Чарли едва не улыбнулась. Еще немного времени в обществе этой особы – и она сочтет себя безнадежной оптимисткой.
Рут закрыла глаза и потерла затылок.
– Вы спрашивали, чего я боюсь, – чуть слышно напомнила она. – Вот именно этого.
Блантир-Лодж не был маленьким, но Чарли казалось, что из-за обилия вещей он трещит по швам. Пока Рут заваривала чай, Чарли, чтобы собраться с мыслями, осмотрела дом. Какой же дом был у Рут в Линкольне, если он без проблем вмещал все эти книги, светильники, зеркала, свечи, журналы по дизайну, шесть персидских ковров, экзотические растения, которые не в каждой оранжерее сыщешь, доску для глажения, стремянки и сушилки для белья? На диванчике лежали сразу три пледа и восемь подушек. На одной, бледно-золотистой, вышиты зеленые туфли-лодочки и изящные розовые лодыжки. «Сколько сил и времени ушло на вышивку, – подумала Чарли, – а получились ноги-обрубки!»

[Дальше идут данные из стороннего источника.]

(* Let $T$ be a primed tableau of shape $\lambda/\mu$ over $X'_k$, $1\le i\le k-1$, $j=i+1$, with $f_i(T)\ne 0$, and let $x,q$ be the boxes chosen in the definition of $f_i$. Then either $q=x$ and $f_i(T)$ is obtained from $T$ by replacing the entry $i$ in $x$ by $j$, or $q\ne x$ and $f_i(T)$ is obtained by replacing the $i$ in $x$ by $j'$ and a $j'$ in $q$ by $j$. Moreover, $f_i(T)$ is again a primed tableau of shape $\lambda/\mu$.
   Context: Primed tableaux: Fix $k$. $X'_k=\{1'<1<2'<2<\dots<k'<k\}$; moving one step up in this chain is "increasing by a half unit" (e.g. $i'\to i$, $i\to (i+1)'$). A primed tableau of (skew) shape $\lambda/\mu$ is a filling of the diagram (English convention; "below" = next row down) with letters of $X'_k$, rows and columns weakly increasing, at most one $i'$ per row and at most one $i$ per column, for every $i$. For a position $p$, $c(p)$ is its entry, with $c(p)=\infty$ if $p$ is not a box of $T$. The reading word of $T$ is the word of its unprimed entries, read row by row left to right, from the bottom row to the top row. Bracketing: fix $i$, $j=i+1$. In the subword of the reading word consisting of the letters $i$ and $j$, repeatedly pair (bracket) a letter $j$ with a letter $i$ occurring later such that no unbracketed letters lie between them, until the unbracketed letters form a word $i^aj^b$. Operator $f_i$: if there is no unbracketed $i$, $f_i(T)=0$. Otherwise let $x$ be the box of $T$ corresponding to the rightmost unbracketed $i$; $E_x$ the position immediately right of $x$, $S_x$ the position immediately below $x$. Choose a box $q$: (F1) if $c(E_x)\ge j$ and $c(S_x)>j$, $q=x$; (F2) if $c(E_x)=j'$, $q=E_x$; (F3) if $c(E_x)\ge j$ and $c(S_x)\in\{j',j\}$, take the maximal ribbon (connected skew strip) starting at $S_x$ and extending by steps South and/or West consisting only of boxes with entries $j$ or $j'$, and let $q$ be its Southwest-most box. Then $f_i(T)$ is obtained from $T$ by increasing $c(x)$ by a half unit and then increasing $c(q)$ by a half unit (so if $q=x$ the entry of $x$ increases by a full unit). *)

theory Defs
  imports Main "HOL-Library.Extended_Nat"
begin
context
  fixes X :: "'a::metric_space set" and f :: "'a \<Rightarrow> 'a" and J :: "'a set"
  assumes J_chain_recurrent: "J \<subseteq> chain_recurrent_set X f"
begin

abbreviation chain_class :: "'a \<Rightarrow> 'a set" where
  "chain_class z \<equiv> (chainE X f \<inter> J \<times> J) `` {z}"

lemma classes_of_eq: "classes_of X f J = chain_class ` J"
  by (auto simp: classes_of_def quotient_def)

lemma chain_class_eq: "z \<in> J \<Longrightarrow> chain_class z = {w\<in>J. chain_rel X f z w \<and> chain_rel X f w z}"
  using J_chain_recurrent by (auto simp: chainE_def)

lemma chain_class_self: "z \<in> J \<Longrightarrow> z \<in> chain_class z"
  using J_chain_recurrent chain_class_eq by (auto simp: chain_recurrent_set_def)

lemma class_le_chain_class_iff:
  assumes "p \<in> J" "q \<in> J"
  shows "class_le X f (chain_class p) (chain_class q) \<longleftrightarrow> chain_rel X f q p"
proof
  assume "class_le X f (chain_class p) (chain_class q)"
  then obtain x y where "x \<in> chain_class p" "y \<in> chain_class q" "chain_rel X f y x"
    unfolding class_le_def by blast
  then have "chain_rel X f q y" "chain_rel X f y x" "chain_rel X f x p"
    using chain_class_eq assms by auto
  then show "chain_rel X f q p" using chain_rel_trans by metis
next
  assume "chain_rel X f q p"
  then show "class_le X f (chain_class p) (chain_class q)"
    using chain_class_self assms unfolding class_le_def by blast
qed

lemma chain_class_eq_iff:
  assumes "p \<in> J" "q \<in> J"
  shows "chain_class p = chain_class q \<longleftrightarrow> chain_rel X f p q \<and> chain_rel X f q p"
proof
  assume "chain_class p = chain_class q"
  then show "chain_rel X f p q \<and> chain_rel X f q p"
    using chain_class_self[OF \<open>q \<in> J\<close>] chain_class_eq assms by auto
next
  assume "chain_rel X f p q \<and> chain_rel X f q p"
  then show "chain_class p = chain_class q"
    unfolding chain_class_eq[OF assms(1)] chain_class_eq[OF assms(2)]
    using chain_rel_trans by metis
qed

lemma linear_dense_order_classes_ofD:
  assumes "linear_dense_order (classes_of X f J) (class_le X f)"
  shows "\<forall>p\<in>J. \<forall>q\<in>J. chain_rel X f p q \<or> chain_rel X f q p"
    and "\<exists>x\<in>J. \<exists>y\<in>J. \<not> chain_rel X f x y"
    and "\<forall>p\<in>J. \<forall>q\<in>J. chain_rel X f q p \<and> \<not> chain_rel X f p q \<longrightarrow>
          (\<exists>w\<in>J. chain_rel X f q w \<and> \<not> chain_rel X f w q \<and> chain_rel X f w p \<and> \<not> chain_rel X f p w)"
proof -
  let ?C = "chain_class ` J"
  have total: "\<forall>a\<in>?C. \<forall>b\<in>?C. class_le X f a b \<or> class_le X f b a"
    and nontrivial: "\<exists>a\<in>?C. \<exists>b\<in>?C. a \<noteq> b"
    and dense: "\<forall>a\<in>?C. \<forall>b\<in>?C. class_le X f a b \<and> a \<noteq> b \<longrightarrow>
      (\<exists>c\<in>?C. class_le X f a c \<and> a \<noteq> c \<and> class_le X f c b \<and> c \<noteq> b)"
    using linear_dense_orderD[OF assms] unfolding classes_of_eq by blast+
  show "\<forall>p\<in>J. \<forall>q\<in>J. chain_rel X f p q \<or> chain_rel X f q p"
  proof (intro ballI)
    fix p q assume "p \<in> J" "q \<in> J"
    then have "class_le X f (chain_class q) (chain_class p) \<or> class_le X f (chain_class p) (chain_class q)"
      using total by simp
    then show "chain_rel X f p q \<or> chain_rel X f q p"
      using class_le_chain_class_iff \<open>p \<in> J\<close> \<open>q \<in> J\<close> by blast
  qed
  obtain x y where "x \<in> J" "y \<in> J" "chain_class x \<noteq> chain_class y"
    using nontrivial by auto
  then show "\<exists>x\<in>J. \<exists>y\<in>J. \<not> chain_rel X f x y"
    using chain_class_eq_iff by blast
  show "\<forall>p\<in>J. \<forall>q\<in>J. chain_rel X f q p \<and> \<not> chain_rel X f p q \<longrightarrow>
          (\<exists>w\<in>J. chain_rel X f q w \<and> \<not> chain_rel X f w q \<and> chain_rel X f w p \<and> \<not> chain_rel X f p w)"
  proof (intro ballI impI)
    fix p q assume "p \<in> J" "q \<in> J" and strict: "chain_rel X f q p \<and> \<not> chain_rel X f p q"
    then have "class_le X f (chain_class p) (chain_class q)" "chain_class p \<noteq> chain_class q"
      using class_le_chain_class_iff chain_class_eq_iff by auto
    then obtain c where "c \<in> ?C" "class_le X f (chain_class p) c" "chain_class p \<noteq> c"
      "class_le X f c (chain_class q)" "c \<noteq> chain_class q"
      using dense \<open>p \<in> J\<close> \<open>q \<in> J\<close> by (meson imageI)
    then obtain w where "w \<in> J" "class_le X f (chain_class p) (chain_class w)"
      "chain_class p \<noteq> chain_class w" "class_le X f (chain_class w) (chain_class q)"
      "chain_class w \<noteq> chain_class q"
      by blast
    then have "chain_rel X f q w \<and> \<not> chain_rel X f w q \<and> chain_rel X f w p \<and> \<not> chain_rel X f p w"
      using class_le_chain_class_iff[OF \<open>p \<in> J\<close> \<open>w \<in> J\<close>] class_le_chain_class_iff[OF \<open>w \<in> J\<close> \<open>q \<in> J\<close>]
        chain_class_eq_iff[OF \<open>p \<in> J\<close> \<open>w \<in> J\<close>] chain_class_eq_iff[OF \<open>w \<in> J\<close> \<open>q \<in> J\<close>]
      by auto
    then show "\<exists>w\<in>J. chain_rel X f q w \<and> \<not> chain_rel X f w q \<and> chain_rel X f w p \<and> \<not> chain_rel X f p w"
      using \<open>w \<in> J\<close> by blast
  qed
qed
lemma card_permutations_of_set_drop_upper_tail:
  fixes A D :: "'a set" and t :: nat and lam :: real
  defines "mu \<equiv> real (card D) * ((real (card A) - real t) / real (card A))"
  assumes A: "finite A" "D \<subseteq> A" "t \<le> card A" and lam: "0 < lam" "lam \<le> 2 * mu"
  shows "real (card {es \<in> permutations_of_set A. mu + lam \<le> real (card (D \<inter> set (drop t es)))})
    \<le> fact (card A) * exp (- lam\<^sup>2 / (4 * mu))"
proof -
  define P where "P = permutations_of_set A"
  define p where "p = (real (card A) - real t) / real (card A)"
  define th where "th = lam / (2 * mu)"
  define c where "c = exp th - 1"
  have mu: "0 < mu" using lam by simp
  have p: "0 \<le> p" using A(3) unfolding p_def by simp
  have th: "0 < th" using lam mu unfolding th_def by simp
  have c: "0 \<le> c" using th unfolding c_def by simp
  have pow: "(1 + c) ^ m = exp (th * real m)" for m
    unfolding c_def by (simp add: exp_of_nat2_mult)
  \<comment> \<open>Exponential moment of the count, then Markov's inequality at \<open>exp (th * (mu + lam))\<close>.\<close>
  have "(\<Sum>es\<in>P. (1 + c) ^ card (D \<inter> set (drop t es))) \<le> fact (card A) * (1 + c * p) ^ card D"
    unfolding P_def using A c
    by (intro sum_power_card_Int_le card_permutations_of_set_subset_drop_le[THEN order_trans])
      (auto simp: p_def intro: finite_subset)
  also have "\<dots> \<le> fact (card A) * exp (c * mu)"
  proof -
    have "(1 + c * p) ^ card D \<le> exp (real (card D) * (c * p))"
      using c p by (intro power_le_exp_mult) simp
    also have "real (card D) * (c * p) = c * mu" unfolding mu_def p_def by simp
    finally show ?thesis by (intro mult_left_mono) simp_all
  qed
  finally have mgf: "(\<Sum>es\<in>P. (1 + c) ^ card (D \<inter> set (drop t es))) \<le> fact (card A) * exp (c * mu)" .
  have "{es \<in> P. mu + lam \<le> real (card (D \<inter> set (drop t es)))}
      = {es \<in> P. exp (th * (mu + lam)) \<le> (1 + c) ^ card (D \<inter> set (drop t es))}"
    unfolding pow using th by simp
  then have "real (card {es \<in> P. mu + lam \<le> real (card (D \<inter> set (drop t es)))}) * exp (th * (mu + lam))
      \<le> (\<Sum>es\<in>P. (1 + c) ^ card (D \<inter> set (drop t es)))"
    using card_ge_mult_le_sum[of P "\<lambda>es. (1 + c) ^ card (D \<inter> set (drop t es))" "exp (th * (mu + lam))"] c
    unfolding P_def by simp
  with mgf have "real (card {es \<in> P. mu + lam \<le> real (card (D \<inter> set (drop t es)))})
      \<le> fact (card A) * exp (c * mu) / exp (th * (mu + lam))"
    by (simp add: field_simps)
  also have "\<dots> = fact (card A) * exp (c * mu - th * (mu + lam))" by (simp add: exp_diff)
  also have "c * mu - th * (mu + lam) \<le> - lam\<^sup>2 / (4 * mu)"
    using chernoff_exponent_upper[OF lam] unfolding c_def th_def .
  finally show ?thesis unfolding P_def by simp
qed
(* Let $A$ be any subset of $S$. Then $C_S(A)$ equals either $S$, or $K$, or $C_S(P)$ for some element $P \in S \setminus K$.
   Context: Standing conventions: $K$ is a field, $R = K[y]$, $\sigma$ is a $K$-algebra endomorphism of $R$ with $\deg_y(\sigma(y)) > 1$, and $\delta$ is a $K$-linear $\sigma$-derivation of $R$ ($\delta(ab) = \sigma(a)\delta(b) + \delta(a)b$). $S = R[x;\sigma,\delta]$ is the Ore extension (polynomials $\sum r_i x^i$, $r_i\in R$, with $xr = \sigma(r)x + \delta(r)$). For $A\subseteq S$, $C_S(A)$ is the set of elements of $S$ commuting with every element of $A$; $C_S(P)=C_S(\{P\})$. *)

theory Defs
  imports "HOL-Computational_Algebra.Polynomial"
begin

(* Elements of S = R[x;sigma,delta], R = K[y], are represented as polynomials in x
   with coefficients in R, i.e. as values of type 'a poly poly:
   the polynomial  sum_i r_i x^i  is the 'a poly poly whose i-th coefficient is r_i. *)

(* left multiplication by x:  x * (sum r_i x^i) = sum (sigma(r_i) x^(i+1) + delta(r_i) x^i) *)
definition ore_xmul :: "('a::comm_ring_1 poly \<Rightarrow> 'a poly) \<Rightarrow> ('a poly \<Rightarrow> 'a poly)
    \<Rightarrow> 'a poly poly \<Rightarrow> 'a poly poly" where
  "ore_xmul \<sigma> \<delta> Q = pCons 0 (map_poly \<sigma> Q) + map_poly \<delta> Q"

definition ore_mult :: "('a::comm_ring_1 poly \<Rightarrow> 'a poly) \<Rightarrow> ('a poly \<Rightarrow> 'a poly)
    \<Rightarrow> 'a poly poly \<Rightarrow> 'a poly poly \<Rightarrow> 'a poly poly" where
  "ore_mult \<sigma> \<delta> P Q = (\<Sum>i\<le>degree P. smult (coeff P i) ((ore_xmul \<sigma> \<delta> ^^ i) Q))"
(* Let $T=(V,E)$ be a rooted phylogenetic tree on a finite set $\mathcal{X}$ of taxa, let $\mathcal{G}$ be a finite set of genes, let $G:\mathcal{X}\to 2^{\mathcal{G}}$ be a genome assignment, and let $k$ be a positive integer. Then: (i) $\ell(T,G,k)\ge \sqrt{\tfrac{2}{3}\,|\{v\in V : n(v)>k\}|}$; (ii) $\ell(T,G,k)\le \left\lceil \frac{|\mathcal{G}|-k}{k}\right\rceil\cdot(|\mathcal{X}|+1)$.
   Context: A digraph is rooted if it has a vertex $\rho$ of indegree zero such that every vertex is reachable from $\rho$ by a directed path. A phylogenetic tree on $\mathcal{X}$ is a rooted tree (arcs directed away from the root) whose root has degree at least two, all other internal vertices have degree at least three, and whose leaf set is $\mathcal{X}$. A phylogenetic network on $\mathcal{X}$ is a rooted acyclic digraph whose root has outdegree at least two, in which every vertex $v$ of outdegree $1$ has indegree at least $2$, and whose set of outdegree-zero vertices (leaves) is $\mathcal{X}$. A genome assignment is any map $G:\mathcal{X}\to 2^{\mathcal{G}}$. For a phylogenetic network $N=(V,A)$ on $\mathcal{X}$ and positive integer $k$, a $(G,k)$-gene labelling of $N$ is a map $F:V\to 2^{\mathcal{G}}$ such that (I) $F(x)=G(x)$ for all $x\in\mathcal{X}$; (II) $|F(v)|\le k$ for all $v\in V$; (III) for each $g\in\mathcal{G}$, the sub-digraph of $N$ induced by $\{v\in V: g\in F(v)\}$ is rooted. A network $N$ is obtained from $T$ by adding $h$ arcs if $N$ has a subgraph $T'$ that is a subdivision of $T$ (obtained by replacing arcs by directed paths) and exactly $h$ arcs of $N$ are not arcs of $T'$. $\ell(T,G,k)$ denotes the minimum $h$ such that some phylogenetic network obtained from $T$ by adding $h$ arcs admits a $(G,k)$-gene labelling. For a vertex $v$ of $T$, $n(v)$ is the number of genes $g\in\mathcal{G}$ for which there exist leaves $x_1,x_2\in\mathcal{X}$ with $g\in G(x_1)\cap G(x_2)$ and whose most recent common ancestor in $T$ is $v$. *)

theory Defs
  imports Complex_Main "HOL-Library.Extended_Real"
begin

Между окном и вторым диваном втиснулось старомодное бюро из темного дерева, на котором стоял компьютер, а рядом примостилась совершенно неуместная здесь садовая скамья, наполовину выкрашенная в зеленый. Мебельное изобилие дополняло массивное «крылатое» кресло. Целую стену занимал стеллаж, на полках фарфор, каменные фигурки, матрешки, деревянные шарики, головы орлов, львов и оленей, сплетенные из золотой и серебряной проволоки, пластмассовые фигурки – почти узнаваемые шар, квадрат и треугольник, которые в последний момент решили сделать абстрактными, словно иначе они потеряли бы художественную ценность. Свободного пространства совершенно не осталось и, пожелай Рут Басси приобрести еще одну проволочную голову, места бы не нашлось. Создавалось впечатление, что в эту сторожку переселился владелец огромных апартаментов и перевез все свое имущество.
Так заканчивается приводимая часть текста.